Il sistema Galliani.  

«Funziona. Mi ha garantito che rispetterà i tempi. Riflettevo su una cosa: l’11 settembre ci sarà il gran premio di F.1 e in quella data noi dovremo andare per forza in trasferta, questo significa che giocheremo in casa la prima, la terza e la quinta. La serie A ci troverà pronti».  

Lei è un esperto di diritti televisivi. Si dice che nell’ultimo campionato si sia registrato un notevole calo degli ascolti.  

«Si deve arrivare a un sistema di rilevamento più completo, che tenga conto dei locali pubblici e delle seconde case. Inoltre è necessario ampliare l’offerta a più piattaforme, il calcio deve essere fruibile da tutti i device».  

Intitolerete una porzione dello stadio al mitico Guido Mazzetti, quello del “chi vince è un bravo ragazzo, chi perde una testa…”?  

«Mazzetti il mio Virgilio, mi ha accompagnato all’inferno, poi al purgatorio, infine in paradiso».  

Ha già stabilito un budget per la A? E ricorda quanti giocatori le sono serviti per raggiungerla?  

«Il budget lo farò in questi giorni, mi aspetta una full immersion estiva che non prevede weekend ma solo week. Cambieremo tanto, come abbiamo sempre fatto, per adeguare la rosa alla categoria. Le regole sono chiare: 17 giocatori, tre dei quali extracomunitari, più quattro italiani e quattro provenienti dal settore giovanile. Avendo una storia così frammentata, l’unico ex praticabile è verosimilmente Pessina, Matteo, al quale voglio bene. Ma non mi sembra un acquisto realizzabile.
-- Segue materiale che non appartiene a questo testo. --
(* Under the setting below, let $(\hat x,\hat z)$ be generated by the online strategy $\mathcal A$ with positive, nonincreasing step sizes $\eta_1\ge\eta_2\ge\dots\ge\eta_T>0$. Then $$G_T(\mathcal A)\le\frac{1}{T}\Big(\frac{\pi^2}{2}\frac{1}{\eta_T}+\Big(\frac{\Xi^2}{2}+\Xi\Psi\Big)\sum_{t=1}^T\eta_t\Big).$$ In particular, with constant step size $\eta_t=\frac{\pi}{\Xi\sqrt T}$ for all $t$, $G_T(\mathcal A)\le\frac{\pi(\Xi+\Psi)}{\sqrt T}$.
   Context: Fix an integer $T\ge 1$, a data cap $Q>0$ and an overage fee $\pi>0$; let $q=Q/T$. Fix constants $\bar d\ge 0$, $\bar r\ge 0$. For each $t\in\{1,\dots,T\}$ fix reals $d_t\in[0,\bar d]$, $r_t\in[0,\bar r]$, $c_t>0$, $p_t>0$, $\theta_t>0$, $\beta_t>0$ and functions $u_t,e_t:[0,\infty)\to\mathbb{R}$ such that: $u_t$ is continuous, increasing and strictly concave, differentiable on $(0,\infty)$, and $u_t':(0,\infty)\to(0,\infty)$ is a strictly decreasing bijection with inverse $u_t'^{-1}$; $e_t$ is increasing, strictly convex and continuously differentiable, and $e_t':[0,\infty)\to[0,\infty)$ is a strictly increasing bijection with inverse $e_t'^{-1}$. For $0\le z\le x\le 1$ let $\tilde f_t(x,z)=\theta_t u_t(x)-\beta_t e_t((x-z)c_t)-p_t c_t z$ and $\tilde h_t(x,z)=d_t x+r_t z$. For $x,z\in[0,1]^T$ with $z_t\le x_t$ define the payoff $\tilde S(x,z)=\sum_{t=1}^T\tilde f_t(x_t,z_t)-\pi\big[\sum_{t=1}^T\tilde h_t(x_t,z_t)-Q\big]^+$, and let $(x^*,z^* )$ be a maximizer of $\tilde S$ over $\{0\le z_t\le x_t\le 1\ \forall t\}$. For $\lambda\ge 0$ and $\beta>0$ write $a_t(\beta,\lambda)=\frac{1}{c_t}\,e_t'^{-1}\!\Big(\frac{p_tc_t+r_t\lambda}{\beta c_t}\Big)$ and $X_t(\lambda)=p_tc_t+(d_t+r_t)\lambda$. Define the sets (all with $\beta>0$): $\Omega^{I}_t(\lambda)=\{(\beta,\theta):\theta>\frac{\beta c_t e_t'(c_t)+d_t\lambda}{u_t'(1)},\ \beta<\frac{p_tc_t+r_t\lambda}{c_te_t'(c_t)}\}$; $\Omega^{II}_t(\lambda)=\{(\beta,\theta):\theta>\frac{X_t(\lambda)}{u_t'(1)},\ \beta\ge\frac{p_tc_t+r_t\lambda}{c_te_t'(c_t)}\}$; $\Omega^{III}_t(\lambda)=\{(\beta,\theta):\frac{X_t(\lambda)}{u_t'(a_t(\beta,\lambda))}\le\theta\le\frac{X_t(\lambda)}{u_t'(1)}\}$; $\Omega^{IV}_t(\lambda)=\{(\beta,\theta):\theta<\frac{X_t(\lambda)}{u_t'(a_t(\beta,\lambda))},\ \theta\le\frac{\beta c_te_t'(c_t)+d_t\lambda}{u_t'(1)}\}$. Let $z^{II}_t(\lambda)=1-a_t(\beta_t,\lambda)$, $x^{III}_t(\lambda)=u_t'^{-1}(X_t(\lambda)/\theta_t)$, $z^{III}_t(\lambda)=x^{III}_t(\lambda)-a_t(\beta_t,\lambda)$, and let $x^{IV}_t(\lambda)\in(0,1]$ be the solution of $\theta_tu_t'(x)-\beta_tc_te_t'(xc_t)=d_t\lambda$. Define $W_t(\lambda)=(1,0)$ if $(\beta_t,\theta_t)\in\Omega^I_t(\lambda)$; $(1,z^{II}_t(\lambda))$ if in $\Omega^{II}_t(\lambda)$; $(x^{III}_t(\lambda),z^{III}_t(\lambda))$ if in $\Omega^{III}_t(\lambda)$; $(x^{IV}_t(\lambda),0)$ if in $\Omega^{IV}_t(\lambda)$. Online strategy $\mathcal A$: set $\hat\lambda_1=0$; for $t=1,\dots,T$ set $(\hat x_t,\hat z_t)=W_t(\hat\lambda_t)$ and $\hat\lambda_{t+1}=\mathcal P_{[0,\pi]}\big(\hat\lambda_t+\eta_t[\tilde h_t(\hat x_t,\hat z_t)-q]\big)$, where $\mathcal P_{[0,\pi]}$ is the projection onto $[0,\pi]$. The payoff gap is $G_T(\mathcal A)=\frac1T[\tilde S(x^*,z^* )-\tilde S(\hat x,\hat z)]$. Maximal demand divergence: $\Xi=\max(|q-\bar d-\bar r|,q)$. Consumption fluctuation: with $l_t=q-\tilde h_t(x_t^*,z_t^* )$, $\bar l=\frac1T\sum_{t=1}^Tl_t$, $\psi_t=|t\bar l-\sum_{i=1}^tl_i|$, set $\Psi=\max_{1\le t\le T}\psi_t$. *)

theory Defs
  imports "HOL-Analysis.Analysis"
begin

definition strict_convex_on :: "real set \<Rightarrow> (real \<Rightarrow> real) \<Rightarrow> bool" where
  "strict_convex_on S f \<longleftrightarrow> convex S \<and>
     (\<forall>x\<in>S. \<forall>y\<in>S. \<forall>a. x \<noteq> y \<and> 0 < a \<and> a < 1 \<longrightarrow>
        f (a * x + (1 - a) * y) < a * f x + (1 - a) * f y)"

definition strict_concave_on :: "real set \<Rightarrow> (real \<Rightarrow> real) \<Rightarrow> bool" where
  "strict_concave_on S f \<longleftrightarrow> strict_convex_on S (\<lambda>x. - f x)"

definition proj :: "real \<Rightarrow> real \<Rightarrow> real" where
  "proj fee v = max 0 (min fee v)"

definition hfun :: "(nat \<Rightarrow> real) \<Rightarrow> (nat \<Rightarrow> real) \<Rightarrow> nat \<Rightarrow> real \<Rightarrow> real \<Rightarrow> real" where
  "hfun d r t x z = d t * x + r t * z"

definition ffun :: "(nat \<Rightarrow> real \<Rightarrow> real) \<Rightarrow> (nat \<Rightarrow> real \<Rightarrow> real) \<Rightarrow> (nat \<Rightarrow> real) \<Rightarrow> (nat \<Rightarrow> real)
    \<Rightarrow> (nat \<Rightarrow> real) \<Rightarrow> (nat \<Rightarrow> real) \<Rightarrow> nat \<Rightarrow> real \<Rightarrow> real \<Rightarrow> real" where
  "ffun u e c p \<theta> \<beta> t x z = \<theta> t * u t x - \<beta> t * e t ((x - z) * c t) - p t * c t * z"

definition Spay :: "nat \<Rightarrow> real \<Rightarrow> real \<Rightarrow> (nat \<Rightarrow> real \<Rightarrow> real) \<Rightarrow> (nat \<Rightarrow> real \<Rightarrow> real)
    \<Rightarrow> (nat \<Rightarrow> real) \<Rightarrow> (nat \<Rightarrow> real) \<Rightarrow> (nat \<Rightarrow> real) \<Rightarrow> (nat \<Rightarrow> real) \<Rightarrow> (nat \<Rightarrow> real) \<Rightarrow> (nat \<Rightarrow> real)
    \<Rightarrow> (nat \<Rightarrow> real) \<Rightarrow> (nat \<Rightarrow> real) \<Rightarrow> real" where
  "Spay T Q fee u e c p \<theta> \<beta> d r x z =
     (\<Sum>t=1..T. ffun u e c p \<theta> \<beta> t (x t) (z t))
     - fee * max 0 ((\<Sum>t=1..T. hfun d r t (x t) (z t)) - Q)"

definition feasible :: "nat \<Rightarrow> (nat \<Rightarrow> real) \<Rightarrow> (nat \<Rightarrow> real) \<Rightarrow> bool" where
  "feasible T x z \<longleftrightarrow> (\<forall>t\<in>{1..T}. 0 \<le> z t \<and> z t \<le> x t \<and> x t \<le> 1)"

definition a_fn :: "(nat \<Rightarrow> real \<Rightarrow> real) \<Rightarrow> (nat \<Rightarrow> real) \<Rightarrow> (nat \<Rightarrow> real) \<Rightarrow> (nat \<Rightarrow> real)
    \<Rightarrow> nat \<Rightarrow> real \<Rightarrow> real \<Rightarrow> real" where
  "a_fn e' c p r t b l = (1 / c t) * inv_into {0..} (e' t) ((p t * c t + r t * l) / (b * c t))"

definition X_fn :: "(nat \<Rightarrow> real) \<Rightarrow> (nat \<Rightarrow> real) \<Rightarrow> (nat \<Rightarrow> real) \<Rightarrow> (nat \<Rightarrow> real) \<Rightarrow> nat \<Rightarrow> real \<Rightarrow> real" where
  "X_fn c p d r t l = p t * c t + (d t + r t) * l"

definition OmegaI where
  "OmegaI u' e' c p d r t l b th \<longleftrightarrow> b > 0 \<and>
     th > (b * c t * e' t (c t) + d t * l) / u' t 1 \<and>
     b < (p t * c t + r t * l) / (c t * e' t (c t))"

definition OmegaII where
  "OmegaII u' e' c p d r t l b th \<longleftrightarrow> b > 0 \<and>
     th > X_fn c p d r t l / u' t 1 \<and>
     b \<ge> (p t * c t + r t * l) / (c t * e' t (c t))"

definition OmegaIII where
  "OmegaIII u' e' c p d r t l b th \<longleftrightarrow> b > 0 \<and>
     X_fn c p d r t l / u' t (a_fn e' c p r t b l) \<le> th \<and>
     th \<le> X_fn c p d r t l / u' t 1"

definition OmegaIV where
  "OmegaIV u' e' c p d r t l b th \<longleftrightarrow> b > 0 \<and>
     th < X_fn c p d r t l / u' t (a_fn e' c p r t b l) \<and>
     th \<le> (b * c t * e' t (c t) + d t * l) / u' t 1"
Le altre squadre avranno 25 in rosa, noi obbligatoriamente 21 più tanti over 2000. Punteremo comunque sui giovani, non sui nomi che leggo in questi giorni».  

Trascorrerà altre domeniche con, anzi contro Allegri, Mourinho, Spalletti, Agnelli, De Laurentiis, Lotito…  

«Max è un fratello, Mou un’icona, un vincente, ha la storia dentro. Sarà bello confrontarsi con Juve, Inter, Milan, Napoli, Roma». 

Proverà a ridurre la conflittualità tra Federcalcio e Lega? 

«Non mi faccia uscire come il professore che arriva e insegnare agli altri come si sta al mondo, la prego». 

«Chi ci crede combatte. Chi ci crede supera tutti gli ostacoli. Chi ci crede vince»…  

«Uno dei claim del presidente. Provarci sempre. Il calcio mi ha insegnato una cosa: vince la storia. Il Monza è un’eccezione: devo dire che dopo la sconfitta di Perugia ho temuto che non ce l’avremmo fatta proprio per via della storia che mancava. Napoleone disse che “per essere dei grandi leader è necessario diventare studiosi del successo e il miglior modo che conosco è quello di conoscere la storia e la biografia degli uomini che già hanno avuto successo”».  

Berlusconi va per gli 86, lei per i settantotto. E ancora sognate.  

«Io sono nato il 30 luglio del ’44, e non aggiungo altro. Anzi, una cosa la aggiungo. Una frase che mi piace tanto: in un sogno non si ha mai ottanta anni».